__DESCRIPTION OF THE TASK__
Give every line of the records exactly, please, from the first up to and including the one containing "using f by (auto".

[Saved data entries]
lemma weighted_power_integral_cesaro_mean_hardy_op:
  fixes f :: "complex \<Rightarrow> complex"
  assumes f: "f holomorphic_on UNIV" and p: "p \<ge> 1" and w: "radial_weight w" and n: "n \<ge> 1"
  shows "weighted_power_integral w p (\<lambda>z. cesaro_mean hardy_op n f z - f 0)
    \<le> ennreal (2 powr (p + 1) / n) * weighted_power_integral w p f"
proof -
  define g where "g = (\<lambda>z. f z - f 0)"
  have g: "g holomorphic_on UNIV" "g 0 = 0"
    using f by (auto simp: g_def intro!: holomorphic_intros)
  define A where "A = (\<lambda>k. (hardy_op ^^ k) g)"
  have [measurable]: "A k \<in> borel_measurable borel" "w \<in> borel_measurable borel" for k
    using w g by (simp_all add: A_def radial_weight_def borel_measurable_holomorphic holomorphic_on_funpow_hardy_op)
  have "ennreal (norm (cesaro_mean hardy_op n f z - f 0) powr p * w z)
      \<le> (\<Sum>k=1..n. ennreal (1 / n) * ennreal (norm (A k z) powr p * w z))" for z
  proof -
    have "norm (cesaro_mean hardy_op n f z - f 0) powr p * w z \<le> (\<Sum>k=1..n. norm (A k z) powr p / n * w z)"
      using norm_cesaro_mean_hardy_op_sub_powr_le[OF f p n, of z] w unfolding sum_distrib_right[symmetric]
      by (intro mult_right_mono) (auto simp: radial_weight_def A_def g_def)
    then have "ennreal (norm (cesaro_mean hardy_op n f z - f 0) powr p * w z)
        \<le> (\<Sum>k=1..n. ennreal (norm (A k z) powr p / n * w z))"
      using w by (subst sum_ennreal) (auto simp: radial_weight_def intro: ennreal_leI)
    also have "\<dots> = (\<Sum>k=1..n. ennreal (1 / n) * ennreal (norm (A k z) powr p * w z))"
      using w by (intro sum.cong refl) (simp add: radial_weight_def ennreal_mult[symmetric])
    finally show ?thesis .
  qed
  then have "weighted_power_integral w p (\<lambda>z. cesaro_mean hardy_op n f z - f 0)
      \<le> (\<integral>\<^sup>+ z. (\<Sum>k=1..n. ennreal (1 / n) * ennreal (norm (A k z) powr p * w z)) \<partial>lborel)"
    unfolding weighted_power_integral_def by (rule nn_integral_mono)
  also have "\<dots> = (\<Sum>k=1..n. ennreal (1 / n) * weighted_power_integral w p (A k))"
    by (simp add: weighted_power_integral_def nn_integral_sum nn_integral_cmult)
  also have "\<dots> \<le> (\<Sum>k=1..n. ennreal (1 / n) * (ennreal ((1 / (p + 1)) ^ k) * weighted_power_integral w p g))"
    unfolding A_def using g p w
    by (intro sum_mono mult_left_mono weighted_power_integral_funpow_hardy_op_le_vanishing) auto
  also have "\<dots> = ennreal (1 / n) * (\<Sum>k=1..n. ennreal ((1 / (p + 1)) ^ k)) * weighted_power_integral w p g"
    by (simp add: sum_distrib_left sum_distrib_right mult.assoc)
  also have "\<dots> = ennreal (1 / n) * ennreal (\<Sum>k=1..n. (1 / (p + 1)) ^ k) * weighted_power_integral w p g"
    using p by (subst sum_ennreal) auto
  also have "\<dots> \<le> ennreal (1 / n) * 1 * (ennreal (2 powr (p + 1)) * weighted_power_integral w p f)"
    using p weighted_power_integral_sub_value_at_0[OF f p w] sum_power_le_one[of "1 / (p + 1)" n]
    by (intro mult_mono) (auto simp: g_def divide_simps)
  also have "\<dots> = ennreal (2 powr (p + 1) / n) * weighted_power_integral w p f"
    by (simp add: ennreal_mult[symmetric] mult.assoc[symmetric])
  finally show ?thesis .
qed

section \<open>The Fock spaces\<close>

definition fock_weight :: "real \<Rightarrow> real \<Rightarrow> real \<Rightarrow> complex \<Rightarrow> real" where
  "fock_weight p \<alpha> m z = exp (- p * \<alpha> * norm z powr m)"

lemma radial_weight_fock_weight: "radial_weight (fock_weight p \<alpha> m)"
  unfolding radial_weight_def fock_weight_def by (simp add: norm_mult)

lemma fock_integrand_eq: "fock_integrand p \<alpha> m f z = norm (f z) powr p * fock_weight p \<alpha> m z"
  by (simp add: fock_integrand_def fock_weight_def)

lemma borel_measurable_fock_integrand [measurable]:
  assumes [measurable]: "f \<in> borel_measurable borel"
  shows "fock_integrand p \<alpha> m f \<in> borel_measurable borel"
proof -
  have "fock_integrand p \<alpha> m f = (\<lambda>z. norm (f z) powr p * exp (- p * \<alpha> * norm z powr m))"
    by (simp add: fun_eq_iff fock_integrand_def)
  then show ?thesis by simp
qed

lemma mem_fock_space_iff:
  assumes f: "f holomorphic_on UNIV"
  shows "f \<in> fock_space p \<alpha> m \<longleftrightarrow> weighted_power_integral (fock_weight p \<alpha> m) p f < \<infinity>"
proof -
  have [measurable]: "f \<in> borel_measurable borel"
    using f by (rule borel_measurable_holomorphic)
  have "fock_integrand p \<alpha> m f \<in> borel_measurable lborel"
    by (simp add: measurable_lborel1)
  then show ?thesis
    using f by (simp add: fock_space_def integrable_iff_bounded weighted_power_integral_def fock_integrand_eq fock_weight_def)
qed

lemma fock_norm_eq:
  assumes [measurable]: "f \<in> borel_measurable borel"
  shows "fock_norm p \<alpha> m f = enn2real (weighted_power_integral (fock_weight p \<alpha> m) p f) powr (1 / p)"
proof -
  have "fock_integrand p \<alpha> m f \<in> borel_measurable lborel"
    by (simp add: measurable_lborel1)
  then show ?thesis
    by (simp add: fock_norm_def integral_eq_nn_integral weighted_power_integral_def fock_integrand_eq fock_weight_def)
qed

lemma fock_norm_le:
  assumes [measurable]: "f \<in> borel_measurable borel" "g \<in> borel_measurable borel"
    and le: "weighted_power_integral (fock_weight p \<alpha> m) p g \<le> ennreal K * weighted_power_integral (fock_weight p \<alpha> m) p f"
    and fin: "weighted_power_integral (fock_weight p \<alpha> m) p f < \<infinity>" and K: "K \<ge> 0" and p: "p > 0"
  shows "fock_norm p \<alpha> m g \<le> K powr (1 / p) * fock_norm p \<alpha> m f"
proof -
  have "enn2real (weighted_power_integral (fock_weight p \<alpha> m) p g)
      \<le> K * enn2real (weighted_power_integral (fock_weight p \<alpha> m) p f)"
    using enn2real_mono[OF le] fin K by (simp add: ennreal_mult_less_top enn2real_mult)
  then have "enn2real (weighted_power_integral (fock_weight p \<alpha> m) p g) powr (1 / p)
      \<le> (K * enn2real (weighted_power_integral (fock_weight p \<alpha> m) p f)) powr (1 / p)"
    using p by (intro powr_mono2) auto
  then show ?thesis
    using K by (simp add: fock_norm_eq powr_mult)
qed

lemma fock_opnorm_le:
  assumes "C \<ge> 0" "\<And>f. f \<in> fock_space p \<alpha> m \<Longrightarrow> fock_norm p \<alpha> m (T f) \<le> C * fock_norm p \<alpha> m f"
  shows "fock_opnorm p \<alpha> m T \<le> C"
  unfolding fock_opnorm_def using assms by (intro cInf_lower bdd_belowI[of _ 0]) auto

lemma fock_opnorm_nonneg:
  assumes "C \<ge> 0" "\<And>f. f \<in> fock_space p \<alpha> m \<Longrightarrow> fock_norm p \<alpha> m (T f) \<le> C * fock_norm p \<alpha> m f"
  shows "fock_opnorm p \<alpha> m T \<ge> 0"
  unfolding fock_opnorm_def using assms by (intro cInf_greatest) auto

context
  fixes p \<alpha> m :: real
  assumes p: "1 \<le> p" and \<alpha>: "0 < \<alpha>" and m: "0 < m"
begin

abbreviation fock_power_integral :: "(complex \<Rightarrow> complex) \<Rightarrow> ennreal" where
  "fock_power_integral \<equiv> weighted_power_integral (fock_weight p \<alpha> m) p"

lemma nn_integral_fock_weight: "(\<integral>\<^sup>+ z. ennreal (fock_weight p \<alpha> m z) \<partial>lborel) < \<infinity>"
  using nn_integral_exp_neg_norm_powr_finite[of "p * \<alpha>" m] p \<alpha> m by (simp add: fock_weight_def)

lemma fock_space_holomorphic: "f \<in> fock_space p \<alpha> m \<Longrightarrow> f holomorphic_on UNIV"
  by (simp add: fock_space_def)

lemma fock_space_finite: "f \<in> fock_space p \<alpha> m \<Longrightarrow> fock_power_integral f < \<infinity>"
  using mem_fock_space_iff fock_space_holomorphic by blast

lemma const_mem_fock_space: "(\<lambda>_. c) \<in> fock_space p \<alpha> m"
  using nn_integral_fock_weight
  by (simp add: mem_fock_space_iff weighted_power_integral_const radial_weight_fock_weight ennreal_mult_less_top)

lemma fock_norm_mono:
  assumes f: "f \<in> fock_space p \<alpha> m" and g: "g holomorphic_on UNIV"
    and le: "fock_power_integral g \<le> fock_power_integral f"
  shows "fock_norm p \<alpha> m g \<le> fock_norm p \<alpha> m f"
  using fock_norm_le[of f g p \<alpha> m 1] le fock_space_finite[OF f] p
  by (simp add: borel_measurable_holomorphic fock_space_holomorphic f g)

lemma fock_power_integral_hardy_op_le: "f \<in> fock_space p \<alpha> m \<Longrightarrow> fock_power_integral (hardy_op f) \<le> fock_power_integral f"
  by (intro weighted_power_integral_hardy_op_le fock_space_holomorphic radial_weight_fock_weight p)

lemma hardy_op_mem_fock_space: "f \<in> fock_space p \<alpha> m \<Longrightarrow> hardy_op f \<in> fock_space p \<alpha> m"
  using fock_power_integral_hardy_op_le[of f] fock_space_finite[of f]
  by (simp add: mem_fock_space_iff holomorphic_on_hardy_op fock_space_holomorphic)

lemma fock_norm_hardy_op_le: "f \<in> fock_space p \<alpha> m \<Longrightarrow> fock_norm p \<alpha> m (hardy_op f) \<le> fock_norm p \<alpha> m f"
  by (intro fock_norm_mono fock_power_integral_hardy_op_le holomorphic_on_hardy_op fock_space_holomorphic)

lemma fock_bounded_op_hardy_op: "fock_bounded_op p \<alpha> m hardy_op"
  unfolding fock_bounded_op_def
proof (intro conjI ballI allI exI[of _ 1])
  fix f g assume "f \<in> fock_space p \<alpha> m" "g \<in> fock_space p \<alpha> m"
  then show "hardy_op (\<lambda>z. a * f z + b * g z) = (\<lambda>z. a * hardy_op f z + b * hardy_op g z)" for a b
    by (intro hardy_op_linear holomorphic_on_imp_continuous_on fock_space_holomorphic)
qed (use hardy_op_mem_fock_space fock_norm_hardy_op_le in auto)

lemma fock_norm_one_pos: "fock_norm p \<alpha> m (\<lambda>_. 1) > 0"
proof -
  have "(\<integral>\<^sup>+ z. ennreal (fock_weight p \<alpha> m z) \<partial>lborel) > 0"
    by (intro nn_integral_lborel_pos) (auto simp: fock_weight_def)
  then show ?thesis
    using nn_integral_fock_weight p
    by (simp add: fock_norm_eq weighted_power_integral_const radial_weight_fock_weight enn2real_eq_0_iff
        less_top[symmetric])
qed

lemma fock_opnorm_hardy_op: "fock_opnorm p \<alpha> m hardy_op = 1"
proof (rule antisym)
  show "fock_opnorm p \<alpha> m hardy_op \<le> 1"
    using fock_norm_hardy_op_le by (intro fock_opnorm_le) auto
  have "1 \<le> C" if "C \<in> {C. 0 \<le> C \<and> (\<forall>f \<in> fock_space p \<alpha> m. fock_norm p \<alpha> m (hardy_op f) \<le> C * fock_norm p \<alpha> m f)}" for C
    using that const_mem_fock_space[of 1] fock_norm_one_pos by auto
  then show "1 \<le> fock_opnorm p \<alpha> m hardy_op"
    unfolding fock_opnorm_def using fock_norm_hardy_op_le by (intro cInf_greatest) (auto intro!: exI[of _ 1])
qed

lemma funpow_hardy_op_mem_fock_space:
  assumes "f \<in> fock_space p \<alpha> m"
  shows "(hardy_op ^^ k) f \<in> fock_space p \<alpha> m"
    and "fock_norm p \<alpha> m ((hardy_op ^^ k) f) \<le> fock_norm p \<alpha> m f"
proof -
  have "fock_power_integral ((hardy_op ^^ k) f) \<le> fock_power_integral f"
    using assms p by (intro weighted_power_integral_funpow_hardy_op_le fock_space_holomorphic radial_weight_fock_weight)
  then show "(hardy_op ^^ k) f \<in> fock_space p \<alpha> m" "fock_norm p \<alpha> m ((hardy_op ^^ k) f) \<le> fock_norm p \<alpha> m f"
    using assms fock_space_finite[OF assms]
    by (auto simp: mem_fock_space_iff holomorphic_on_funpow_hardy_op fock_space_holomorphic
        intro!: fock_norm_mono)
qed

lemma power_bounded_hardy_op: "power_bounded p \<alpha> m hardy_op"
  unfolding power_bounded_def
  using fock_bounded_op_hardy_op funpow_hardy_op_mem_fock_space(2)
  by (auto intro!: bdd_aboveI[of _ 1] fock_opnorm_le)

lemma fock_bounded_op_value_at_0: "fock_bounded_op p \<alpha> m (\<lambda>f _. f 0)"
  unfolding fock_bounded_op_def
proof (intro conjI ballI allI exI[of _ 1])
  fix f assume "f \<in> fock_space p \<alpha> m"
  then show "fock_norm p \<alpha> m (\<lambda>_. f 0) \<le> 1 * fock_norm p \<alpha> m f"
    using p by (auto intro!: fock_norm_mono weighted_power_integral_value_at_0_le fock_space_holomorphic
        radial_weight_fock_weight const_mem_fock_space)
qed (simp_all add: const_mem_fock_space)

lemma fock_norm_cesaro_mean_hardy_op_sub_le:
  assumes f: "f \<in> fock_space p \<alpha> m" and n: "n \<ge> 1"
  shows "fock_norm p \<alpha> m (\<lambda>z. cesaro_mean hardy_op n f z - f 0)
    \<le> (2 powr (p + 1) / n) powr (1 / p) * fock_norm p \<alpha> m f"
proof (rule fock_norm_le)
  have [measurable]: "(hardy_op ^^ k) f \<in> borel_measurable borel" for k
    using f by (intro borel_measurable_holomorphic holomorphic_on_funpow_hardy_op fock_space_holomorphic)
  then show "(\<lambda>z. cesaro_mean hardy_op n f z - f 0) \<in> borel_measurable borel"
    unfolding cesaro_mean_def by measurable
  show "f \<in> borel_measurable borel"
    using f by (intro borel_measurable_holomorphic fock_space_holomorphic)
qed (use p f n weighted_power_integral_cesaro_mean_hardy_op[OF fock_space_holomorphic[OF f] p radial_weight_fock_weight n]
    fock_space_finite in auto)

__ANSWER FOR THE TASK__
lemma weighted_power_integral_cesaro_mean_hardy_op:
  fixes f :: "complex \<Rightarrow> complex"
  assumes f: "f holomorphic_on UNIV" and p: "p \<ge> 1" and w: "radial_weight w" and n: "n \<ge> 1"
  shows "weighted_power_integral w p (\<lambda>z. cesaro_mean hardy_op n f z - f 0)
    \<le> ennreal (2 powr (p + 1) / n) * weighted_power_integral w p f"
proof -
  define g where "g = (\<lambda>z. f z - f 0)"
  have g: "g holomorphic_on UNIV" "g 0 = 0"
    using f by (auto simp: g_def intro!: holomorphic_intros)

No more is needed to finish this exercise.